Upon completion of the chapter, the reader will be able to:
Identify risk factors for multiple sclerosis (MS).
Distinguish between forms of MS based on patient presentation and disease course.
Compare and contrast MS disease-modifying treatment choices for a given patient.
Determine appropriate symptomatic treatment choices for a given patient.
Develop a monitoring plan for a patient placed on specific medications.
Multiple sclerosis (MS) is an inflammatory disease of the central nervous system (CNS). Multiple describes the number of CNS lesions, and sclerosis refers to the demyelinated lesions, today called plaques.
EPIDEMIOLOGY AND ETIOLOGY
Approximately 2.3 million people worldwide have MS.1 Diagnosis usually occurs between 20 and 50 years, affecting at least twice as many women as men.1 Whites and people of northern European heritage are more likely to develop MS.1 Risk factors include family history of MS, autoimmune diseases, or migraine; personal history of autoimmune diseases or migraine; and cigarette smoke exposure.
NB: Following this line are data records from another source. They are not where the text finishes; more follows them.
lemma limsup_mean_le_ext_integral:
  fixes x :: "nat \<Rightarrow> nat \<Rightarrow> real" and f :: "real \<Rightarrow> ereal"
  assumes G: "real_distribution G"
    and conv: "\<And>t. isCont (cdf G) t \<Longrightarrow> (\<lambda>n. (\<Sum>k\<in>{1..n}. of_bool (x n k \<le> t)) / n) \<longlonglongrightarrow> cdf G t"
    and "usc f" and fc: "\<And>y. f y \<le> ereal c" and "c \<ge> 0"
  shows "limsup (\<lambda>n. ereal (1 / real n) * (\<Sum>k = 1..n. f (x n k))) \<le> ext_integral G f"
proof -
  define h where "h y = e2ennreal (ereal c - f y)" for y
  define I where "I n = (\<integral>\<^sup>+ y. h y \<partial>empirical_measure (x n) n)" for n
  have [measurable]: "f \<in> borel_measurable borel"
    using \<open>usc f\<close> by (rule borel_measurable_usc)
  then have h_meas: "h \<in> borel_measurable borel"
    unfolding h_def by measurable
  have "weak_conv_m (\<lambda>n. empirical_measure (x n) n) G"
    unfolding weak_conv_m_def weak_conv_def
  proof (intro allI impI)
    fix t assume "isCont (cdf G) t"
    from conv[OF this] show "(\<lambda>n. cdf (empirical_measure (x n) n) t) \<longlonglongrightarrow> cdf G t"
      by (rule Lim_transform_eventually)
        (use eventually_ge_at_top[of 1] in \<open>eventually_elim, simp add: cdf_empirical_measure\<close>)
  qed
  then have "(\<integral>\<^sup>+ y. h y \<partial>G) \<le> liminf I"
    unfolding I_def using real_distribution_empirical_measure G h_meas
      liminf_deficit_ge_if_usc[OF \<open>usc f\<close> fc]
    by (intro nn_integral_le_liminf_if_weak_conv) (auto simp: h_def)
  have "limsup (\<lambda>n. ereal (1 / real n) * (\<Sum>k = 1..n. f (x n k))) \<le> limsup (\<lambda>n. ereal c - enn2ereal (I n))"
  proof (rule Limsup_mono)
    show "eventually (\<lambda>n. ereal (1 / real n) * (\<Sum>k = 1..n. f (x n k)) \<le> ereal c - enn2ereal (I n)) sequentially"
      using eventually_ge_at_top[of 1]
    proof eventually_elim
      case (elim n)
      then show ?case
        using ereal_mean_le_bound_minus_mean_deficit[of "\<lambda>k. f (x n k)", OF fc elim]
        unfolding I_def nn_integral_empirical_measure[OF elim h_meas] by (simp add: h_def)
    qed
  qed
  also have "\<dots> \<le> ereal c - enn2ereal (\<integral>\<^sup>+ y. h y \<partial>G)"
    by (rule limsup_const_minus_le) fact
  also have "\<dots> \<le> ext_integral G f"
    unfolding h_def using G fc \<open>c \<ge> 0\<close> \<open>f \<in> borel_measurable borel\<close>
    by (intro ext_integral_ge_bound_minus_deficit)
      (auto simp: real_distribution_def real_distribution.events_eq_borel cong: measurable_cong_sets)
  finally show ?thesis .
qed

section \<open>Almost sure convergence of the empirical distribution functions\<close>

lemma tendsto_at_isCont_if_tendsto_on_rats:
  fixes F :: "nat \<Rightarrow> real \<Rightarrow> real" and G :: "real \<Rightarrow> real"
  assumes mono: "\<And>n s t. s \<le> t \<Longrightarrow> F n s \<le> F n t"
    and rats: "\<And>q. q \<in> \<rat> \<Longrightarrow> (\<lambda>n. F n q) \<longlonglongrightarrow> G q"
    and "isCont G t"
  shows "(\<lambda>n. F n t) \<longlonglongrightarrow> G t"
proof (rule order_tendstoI)
  have lim: "(G \<longlongrightarrow> G t) (at t)" using \<open>isCont G t\<close> by (simp add: isCont_def)
  fix z assume "z < G t"
  then obtain d where "d > 0" and d: "\<And>s. s \<noteq> t \<Longrightarrow> dist s t < d \<Longrightarrow> z < G s"
    using order_tendstoD(1)[OF lim] unfolding eventually_at by blast
  obtain q where q: "q \<in> \<rat>" "t - d < q" "q < t"
    using Rats_dense_in_real[of "t - d" t] \<open>d > 0\<close> by auto
  have "z < G q" using d[of q] q by (simp add: dist_real_def)
  from order_tendstoD(1)[OF rats[OF \<open>q \<in> \<rat>\<close>] this]
  show "eventually (\<lambda>n. z < F n t) sequentially"
    by eventually_elim (use mono[of q t] q in \<open>auto intro: less_le_trans\<close>)
next
  have lim: "(G \<longlongrightarrow> G t) (at t)" using \<open>isCont G t\<close> by (simp add: isCont_def)
  fix z assume "G t < z"
  then obtain d where "d > 0" and d: "\<And>s. s \<noteq> t \<Longrightarrow> dist s t < d \<Longrightarrow> G s < z"
    using order_tendstoD(2)[OF lim] unfolding eventually_at by blast
  obtain q where q: "q \<in> \<rat>" "t < q" "q < t + d"
    using Rats_dense_in_real[of t "t + d"] \<open>d > 0\<close> by auto
  have "G q < z" using d[of q] q by (simp add: dist_real_def)
  from order_tendstoD(2)[OF rats[OF \<open>q \<in> \<rat>\<close>] this]
  show "eventually (\<lambda>n. F n t < z) sequentially"
    by eventually_elim (use mono[of t q] q in \<open>auto intro: le_less_trans\<close>)
qed

lemma (in prob_space) AE_block_frequency_tendsto_gev_cdf:
  fixes X :: "nat \<Rightarrow> 'a \<Rightarrow> real"
  assumes indep: "indep_vars (\<lambda>_. borel) X {1..}"
    and F: "\<And>i x. i \<ge> 1 \<Longrightarrow> prob {\<omega> \<in> space M. X i \<omega> \<le> x} = F x"
    and N: "gev_normalizes F \<gamma> a b" and m_pos: "\<And>n. m n > 0" and m_lim: "filterlim m at_top sequentially"
  shows "AE \<omega> in M. (\<lambda>n. (\<Sum>k\<in>{1..n}. of_bool (block_max_norm X a b (m n) k \<omega> \<le> t)) / n)
    \<longlonglongrightarrow> gev_cdf \<gamma> t"
proof -
  define Z where "Z = (\<lambda>n k \<omega>. of_bool (\<forall>i\<in>{(k - 1) * m n + 1 .. k * m n}.
    X i \<omega> \<le> a (m n) * t + b (m n)) :: real)"
  have "indep_vars (\<lambda>_. borel) (Z n) {1..n}" for n
    unfolding Z_def by (rule indep_vars_block_indicators[OF indep])
  moreover have "Z n k \<omega> \<in> {0..1}" for n k \<omega>
    by (simp add: Z_def)
  moreover have "expectation (Z n k) = F (a (m n) * t + b (m n)) ^ m n" if "k \<in> {1..n}" for n k
    unfolding Z_def by (rule expectation_block_indicator[OF indep _ m_pos F]) (use that in auto)
  moreover have "(\<lambda>m. F (a m * t + b m) ^ m) \<longlonglongrightarrow> gev_cdf \<gamma> t"
    using N unfolding gev_normalizes_def by blast
  from filterlim_compose[OF this m_lim]
  have "(\<lambda>n. F (a (m n) * t + b (m n)) ^ m n) \<longlonglongrightarrow> gev_cdf \<gamma> t" .
  ultimately have "AE \<omega> in M. (\<lambda>n. (\<Sum>k\<in>{1..n}. Z n k \<omega>) / n) \<longlonglongrightarrow> gev_cdf \<gamma> t"
    by (rule AE_row_means_tendsto)
  moreover have "Z n k \<omega> = of_bool (block_max_norm X a b (m n) k \<omega> \<le> t)" if "k \<in> {1..n}" for n k \<omega>
  proof -
    have "a (m n) > 0" using N m_pos[of n] unfolding gev_normalizes_def by auto
    moreover have "k \<ge> 1" using that by simp
    ultimately show ?thesis
      unfolding Z_def by (simp add: block_max_norm_le_iff[OF _ m_pos])
  qed
  ultimately show ?thesis by (elim AE_mp) (intro AE_I2 impI, simp)
qed
(* Let $(\mathcal{A},\mathcal{E})$ be a finite, essentially small exact category. Then $\mu_\mathcal{E}:(\mathrm{ind}\mathcal{A},\subset_\mathcal{E})\to(\mathfrak{S}(\mathbb{N}),\lll)$ is a measure, i.e. order-preserving; moreover $X\subsetneq_\mathcal{E}Y$ implies $\mu_\mathcal{E}(X)\lll\mu_\mathcal{E}(Y)$.
   Context: $(\mathcal{A},\mathcal{E})$ is a Quillen exact category; admissible monics are morphisms $i$ with $(i,d)\in\mathcal{E}$ for some $d$. $X\subset_\mathcal{E}Y$ means there is an admissible monic $X\to Y$, and $X\subsetneq_\mathcal{E}Y$ means there is one that is not an isomorphism. The $\mathcal{E}$-length $l_\mathcal{E}(X)$ is the supremum of all $n$ such that there is a chain $0=X_0\to\cdots\to X_n=X$ of admissible monics none of which is an isomorphism; $(\mathcal{A},\mathcal{E})$ is finite if $l_\mathcal{E}(X)<\infty$ for all $X$. $\mathrm{ind}\mathcal{A}$ is the set of isomorphism classes of indecomposable objects, partially ordered by $\subset_\mathcal{E}$. $\mathfrak{S}(\mathbb{N})$ is the set of finite nonempty sequences of natural numbers, totally ordered by: $x\lll y$ iff $x=y$, or $x$ is a proper prefix of $y$, or at the first index $i$ where $x_i\neq y_i$ (both defined) one has $x_i>y_i$ (lexicographic order with the order of $\mathbb{N}$ reversed). For indecomposable $X$, $\mu_\mathcal{E}(X)$ is the $\lll$-maximum of the vectors $(l_\mathcal{E}(X_1),\dots,l_\mathcal{E}(X_n))$ over all chains $X_1\subsetneq_\mathcal{E}X_2\subsetneq_\mathcal{E}\cdots\subsetneq_\mathcal{E}X_n=X$ ($n\ge1$) with all $X_i$ indecomposable. A measure for a poset is an order-preserving map to a totally ordered set. *)

theory Defs
  imports "HOL-Library.Extended_Nat"
begin

text \<open>A (small) category with typed, pairwise disjoint hom-sets, together with the
  preadditive structure (abelian group operations on each hom-set).
  \<open>cmp g f\<close> is the composite \<open>g \<circ> f\<close>.\<close>

record ('o, 'm) addcat =
  Ob    :: "'o set"
  Hom   :: "'o \<Rightarrow> 'o \<Rightarrow> 'm set"
  cmp   :: "'m \<Rightarrow> 'm \<Rightarrow> 'm"
  ident :: "'o \<Rightarrow> 'm"
  plus  :: "'m \<Rightarrow> 'm \<Rightarrow> 'm"
  zer   :: "'o \<Rightarrow> 'o \<Rightarrow> 'm"
  neg   :: "'m \<Rightarrow> 'm"

definition is_category :: "('o, 'm, 'x) addcat_scheme \<Rightarrow> bool" where
  "is_category C \<longleftrightarrow>
     (\<forall>A B. Hom C A B \<noteq> {} \<longrightarrow> A \<in> Ob C \<and> B \<in> Ob C) \<and>
     (\<forall>A B A' B' f. f \<in> Hom C A B \<longrightarrow> f \<in> Hom C A' B' \<longrightarrow> A = A' \<and> B = B') \<and>
     (\<forall>A \<in> Ob C. ident C A \<in> Hom C A A) \<and>
     (\<forall>A B D f g. f \<in> Hom C A B \<longrightarrow> g \<in> Hom C B D \<longrightarrow> cmp C g f \<in> Hom C A D) \<and>
     (\<forall>A B D E f g h. f \<in> Hom C A B \<longrightarrow> g \<in> Hom C B D \<longrightarrow> h \<in> Hom C D E \<longrightarrow>
        cmp C h (cmp C g f) = cmp C (cmp C h g) f) \<and>
     (\<forall>A B f. f \<in> Hom C A B \<longrightarrow> cmp C f (ident C A) = f \<and> cmp C (ident C B) f = f)"

definition is_preadditive :: "('o, 'm, 'x) addcat_scheme \<Rightarrow> bool" where
  "is_preadditive C \<longleftrightarrow> is_category C \<and>
     (\<forall>A \<in> Ob C. \<forall>B \<in> Ob C.
        zer C A B \<in> Hom C A B \<and>
        (\<forall>f \<in> Hom C A B. \<forall>g \<in> Hom C A B. plus C f g \<in> Hom C A B) \<and>
        (\<forall>f \<in> Hom C A B. neg C f \<in> Hom C A B) \<and>
        (\<forall>f \<in> Hom C A B. \<forall>g \<in> Hom C A B. \<forall>h \<in> Hom C A B.
            plus C (plus C f g) h = plus C f (plus C g h)) \<and>
        (\<forall>f \<in> Hom C A B. \<forall>g \<in> Hom C A B. plus C f g = plus C g f) \<and>
        (\<forall>f \<in> Hom C A B. plus C f (zer C A B) = f) \<and>
        (\<forall>f \<in> Hom C A B. plus C f (neg C f) = zer C A B)) \<and>
     (\<forall>A B D f g h. f \<in> Hom C A B \<longrightarrow> g \<in> Hom C B D \<longrightarrow> h \<in> Hom C B D \<longrightarrow>
        cmp C (plus C g h) f = plus C (cmp C g f) (cmp C h f)) \<and>
     (\<forall>A B D f g h. f \<in> Hom C A B \<longrightarrow> g \<in> Hom C A B \<longrightarrow> h \<in> Hom C B D \<longrightarrow>
        cmp C h (plus C f g) = plus C (cmp C h f) (cmp C h g))"
(* Let $A$ be a finite alphabet and $k\ge 0$. Then $\sim_{k+1}$ refines $\sim_k$, and $\sim_k$ is a congruence of finite index on $A^{\Delta}$ whose quotient forest algebra has idempotent and commutative horizontal monoid.
   Context: $A^{\Delta}=(H_A,V_A)$: $H_A$ is the monoid of forests over $A$ (finite ordered sequences of finite ordered $A$-labelled trees) under concatenation $+$; $V_A$ the monoid of contexts (forests with exactly one leaf replaced by a hole) acting by substitution; $as$ is the tree with root $a$ and child forest $s$. A congruence on $A^{\Delta}$ is an equivalence $\sim$ on $H_A$ with $s\sim s'\Rightarrow ps\sim ps'$ for every context $p$; the quotient forest algebra has horizontal monoid $H_A/{\sim}$ and vertical monoid the contexts modulo acting identically on classes. Equivalences $\sim_k$: $\sim_0$ identifies all forests; for $k\ge0$ and $s=a_1s_1+\cdots+a_rs_r$ ($a_i\in A$, $s_i\in H_A$) let $T^{k+1}_s=\{(a_i,[s_i]_{\sim_k}):1\le i\le r\}$, and $s\sim_{k+1}s'$ iff $T^{k+1}_s=T^{k+1}_{s'}$. *)

theory Defs
  imports Main
begin

text \<open>Finite ordered A-labelled trees; a forest is a finite ordered list of trees.
  Horizontal composition (+) of forests is list concatenation @.\<close>
datatype 'a tree = Node 'a "'a tree list"

type_synonym 'a forest = "'a tree list"

text \<open>Contexts: forests with exactly one leaf replaced by a hole.
  CHole l r is the forest l + hole + r; CIn l a p r is l + a(p) + r.\<close>
datatype 'a ctx = CHole "'a forest" "'a forest" | CIn "'a forest" 'a "'a ctx" "'a forest"

primrec csubst :: "'a ctx \<Rightarrow> 'a forest \<Rightarrow> 'a forest" where
  "csubst (CHole l r) s = l @ s @ r"
| "csubst (CIn l a p r) s = l @ [Node a (csubst p s)] @ r"

primrec sim :: "nat \<Rightarrow> 'a forest \<Rightarrow> 'a forest \<Rightarrow> bool" where
  "sim 0 s t = True"
| "sim (Suc k) s t =
     ((\<lambda>x. case x of Node a c \<Rightarrow> (a, {u. sim k c u})) ` set s =
      (\<lambda>x. case x of Node a c \<Rightarrow> (a, {u. sim k c u})) ` set t)"

definition forest_congruence :: "('a forest \<Rightarrow> 'a forest \<Rightarrow> bool) \<Rightarrow> bool" where
  "forest_congruence R \<longleftrightarrow> equivp R \<and>
     (\<forall>p s s'. R s s' \<longrightarrow> R (csubst p s) (csubst p s'))"

definition finite_index :: "('a forest \<Rightarrow> 'a forest \<Rightarrow> bool) \<Rightarrow> bool" where
  "finite_index R \<longleftrightarrow> finite (UNIV // {(s, t). R s t})"

definition quotient_horizontal_idem_comm :: "('a forest \<Rightarrow> 'a forest \<Rightarrow> bool) \<Rightarrow> bool" where
  "quotient_horizontal_idem_comm R \<longleftrightarrow>
     (\<forall>s. R (s @ s) s) \<and> (\<forall>s t. R (s @ t) (t @ s))"

end

theory Submission
  imports Defs
begin

text \<open>Each sim (Suc k) is determined by the set of types (a, [c]_k) of the trees of a
  forest. Since a set forgets order and multiplicity, concatenation is idempotent and
  commutative modulo every level; since the types one level up determine those one level
  down, the levels refine each other; and by induction there are only finitely many
  classes, those of level k + 1 being indexed by sets of letter/class pairs of level k.\<close>

definition tree_type :: "nat \<Rightarrow> 'a tree \<Rightarrow> 'a \<times> 'a forest set" where
  "tree_type k x = (case x of Node a c \<Rightarrow> (a, {u. sim k c u}))"

lemma tree_type_Node [simp]: "tree_type k (Node a c) = (a, {u. sim k c u})"
  by (simp add: tree_type_def)

lemma sim_Suc_iff_types: "sim (Suc k) s t \<longleftrightarrow> tree_type k ` set s = tree_type k ` set t"
  by (simp add: tree_type_def)

lemma equivp_sim: "equivp (sim k)"
  by (cases k) (auto intro!: equivpI reflpI sympI transpI)

lemma sim_class_eq_iff: "{u. sim k s u} = {u. sim k t u} \<longleftrightarrow> sim k s t"
proof -
  have "sim k s t \<longleftrightarrow> sim k s = sim k t"
    using equivp_sim[of k] unfolding equivp_def by blast
  then show ?thesis by (simp add: set_eq_iff fun_eq_iff)
qed

lemma image_eq_if_kernel_le:
  assumes "\<And>x y. f x = f y \<Longrightarrow> g x = g y" and "f ` A = f ` B"
  shows "g ` A = g ` B"
proof -
  have "g ` A \<subseteq> g ` B" if "f ` A = f ` B" for A B
  proof
    fix z
    assume "z \<in> g ` A"
    then obtain x where "x \<in> A" "z = g x" by blast
    moreover from \<open>x \<in> A\<close> that obtain y where "y \<in> B" "f x = f y"
      by (metis imageE imageI)
    ultimately show "z \<in> g ` B" using assms(1) by blast
  qed
  then show ?thesis using assms(2) by (metis subset_antisym)
qed

lemma sim_Suc_imp_sim: "sim (Suc k) s t \<Longrightarrow> sim k s t"
proof (induction k arbitrary: s t)
  case 0
  then show ?case by simp
next
  case (Suc k)
  have "tree_type k x = tree_type k y"
    if "tree_type (Suc k) x = tree_type (Suc k) y" for x y :: "'a tree"
    using that Suc.IH by (cases x; cases y) (auto simp del: sim.simps simp: sim_class_eq_iff)
  then show ?case
    using Suc.prems unfolding sim_Suc_iff_types by (rule image_eq_if_kernel_le)
qed

lemma sim_append: "sim k s s' \<Longrightarrow> sim k t t' \<Longrightarrow> sim k (s @ t) (s' @ t')"
  by (cases k) (simp_all only: sim.simps(1) sim_Suc_iff_types set_append image_Un)

lemma sim_Suc_Node: "sim k c d \<Longrightarrow> sim (Suc k) [Node a c] [Node a d]"
  unfolding sim_Suc_iff_types by (simp add: sim_class_eq_iff)

lemma sim_csubst: "sim k s t \<Longrightarrow> sim k (csubst p s) (csubst p t)"
proof (induction p arbitrary: k)
  case (CHole l r)
  then show ?case
    by (simp add: sim_append equivp_reflp[OF equivp_sim])
next
  case (CIn l a p r)
  show ?case
  proof (cases k)
    case 0
    then show ?thesis by simp
  next
    case (Suc j)
    from CIn.prems have "sim j s t"
      unfolding Suc by (rule sim_Suc_imp_sim)
    then have "sim j (csubst p s) (csubst p t)"
      by (rule CIn.IH)
    then show ?thesis
      unfolding Suc csubst.simps
      by (intro sim_append sim_Suc_Node equivp_reflp[OF equivp_sim])
  qed
qed

lemma forest_congruence_sim: "forest_congruence (sim k)"
  unfolding forest_congruence_def by (simp add: equivp_sim sim_csubst)

lemma finite_sim_classes: "finite (range (\<lambda>s :: 'a::finite forest. {u. sim k s u}))"
proof (induction k)
  case 0
  then show ?case by simp
next
  case (Suc k)
  let ?types = "UNIV \<times> range (\<lambda>s :: 'a forest. {u. sim k s u})"
  have "range (\<lambda>s :: 'a forest. {u. sim (Suc k) s u})
      \<subseteq> (\<lambda>T. {u. tree_type k ` set u = T}) ` Pow ?types"
  proof
    fix X
    assume "X \<in> range (\<lambda>s :: 'a forest. {u. sim (Suc k) s u})"
    then obtain s where X: "X = {u. sim (Suc k) s u}" by blast
    have "tree_type k ` set s \<in> Pow ?types"
      by (auto simp: tree_type_def split: tree.splits)
    moreover have "X = {u. tree_type k ` set u = tree_type k ` set s}"
      unfolding X sim_Suc_iff_types by auto
    ultimately show "X \<in> (\<lambda>T. {u. tree_type k ` set u = T}) ` Pow ?types" by blast
  qed
  then show ?case
    by (rule finite_subset) (use Suc.IH in simp)
qed

lemma finite_index_sim: "finite_index (sim k :: 'a::finite forest \<Rightarrow> _)"
proof -
  have "UNIV // {(s, t). sim k s t} = range (\<lambda>s :: 'a forest. {u. sim k s u})"
    by (auto simp: quotient_def Image_def)
  then show ?thesis
    unfolding finite_index_def using finite_sim_classes by metis
qed

lemma sim_append_idem: "sim k (s @ s) s"
  by (cases k) simp_all

lemma sim_append_commute: "sim k (s @ t) (t @ s)"
  by (cases k) (auto simp: Un_commute)

theorem proposition3:
  fixes k :: nat
  shows "(\<forall>s t :: ('a::finite) forest. sim (Suc k) s t \<longrightarrow> sim k s t)
     \<and> forest_congruence (sim k :: 'a forest \<Rightarrow> 'a forest \<Rightarrow> bool)
     \<and> finite_index (sim k :: 'a forest \<Rightarrow> 'a forest \<Rightarrow> bool)
     \<and> quotient_horizontal_idem_comm (sim k :: 'a forest \<Rightarrow> 'a forest \<Rightarrow> bool)"
  using sim_Suc_imp_sim forest_congruence_sim finite_index_sim
    sim_append_idem sim_append_commute
  by (auto simp: quotient_horizontal_idem_comm_def)

end
theorem mainTheorem10:
  fixes V :: "'a set" and \<F> :: "'a set set" and x y1 y2 y3 z :: 'a
  assumes "finite V"
    and "\<F> \<subseteq> Pow V"
    and "minimal_family V \<F>"
    and "x \<in> V"
    and "fnum \<F> 3 x = 1"
    and "fnum \<F> 1 x = 4"
    and "Qx \<F> x = {{x, y1, y2, y3}}"
    and "nbhd \<F> x = {x, y1, y2, y3, z}"
    and "distinct [x, y1, y2, y3, z]"
  shows "link \<F> x = Pow {y1, y2, y3} \<union> {{z}} \<union> {{y1, z}, {y2, z}, {y3, z}}
         \<and> nbhd \<F> x \<subseteq> nbhd \<F> z
         \<and> (\<forall>y\<in>{y1, y2, y3}. nbhd \<F> x \<subseteq> nbhd \<F> y)
         \<and> cQ \<F> {x, y1, y2, y3} = 0
         \<and> weight \<F> x = 53 / 10"
proof -
  note Q = assms(7) and N = assms(8) and dist = assms(9)
  have her: "hereditary \<F>" and deg: "12 \<le> deg \<F> x"
    using assms(3) mindeg_le_deg[OF assms(1,4), of \<F>] unfolding minimal_family_def by auto
  have fin: "finite \<F>"
    using assms(2) by (rule finite_subset) (simp add: assms(1))
  have L: "link \<F> x = Pow {y1, y2, y3} \<union> {{z}} \<union> {{y1, z}, {y2, z}, {y3, z}}"
    using her deg Q N dist by (rule link_eq_of_unique_K4)
  then have "{y1, z} \<in> link \<F> x" "{y2, z} \<in> link \<F> x" "{y3, z} \<in> link \<F> x"
    by auto
  then have triangles: "{x, y1, z} \<in> \<F>" "{x, y2, z} \<in> \<F>" "{x, y3, z} \<in> \<F>"
    by (simp_all add: mem_link_iff)
  have "{x, y1, y2, y3} \<in> \<F>"
    using Q by (rule Qx_singleton_mem)
  with triangles have nbhds: "nbhd \<F> x \<subseteq> nbhd \<F> z" "\<forall>y\<in>{y1, y2, y3}. nbhd \<F> x \<subseteq> nbhd \<F> y"
    unfolding N unfolding nbhd_def by blast+
  have "\<not> mini_weight \<F> x"
    using assms(5) unfolding mini_weight_def by simp
  moreover have "\<not> mini_weight \<F> y1" "\<not> mini_weight \<F> y2" "\<not> mini_weight \<F> y3"
    using not_mini_weight_of_unique_K4[OF her fin _ triangles(1)]
      not_mini_weight_of_unique_K4[OF her fin _ triangles(2), of y1 y3]
      not_mini_weight_of_unique_K4[OF her fin _ triangles(3), of y1 y2]
      Q dist by (simp_all add: insert_commute) (metis distinct_length_2_or_more)+
  ultimately have "cQ \<F> {x, y1, y2, y3} = 0"
    unfolding cQ_def by auto
  with L nbhds show ?thesis
    using weight_of_link[OF L Q dist] by blast
qed

end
The cause of MS is unknown, but may be genetic, environmental, or both. Genetic risks may explain up to 35% of cases.2 Environmental theories involve infectious agents or decreased patient or maternal vitamin D serum concentrations or other infectious exposures.2,3
While the causative agent of MS is unclear, the result is the development of an autoimmune disorder with areas of CNS inflammation and degeneration.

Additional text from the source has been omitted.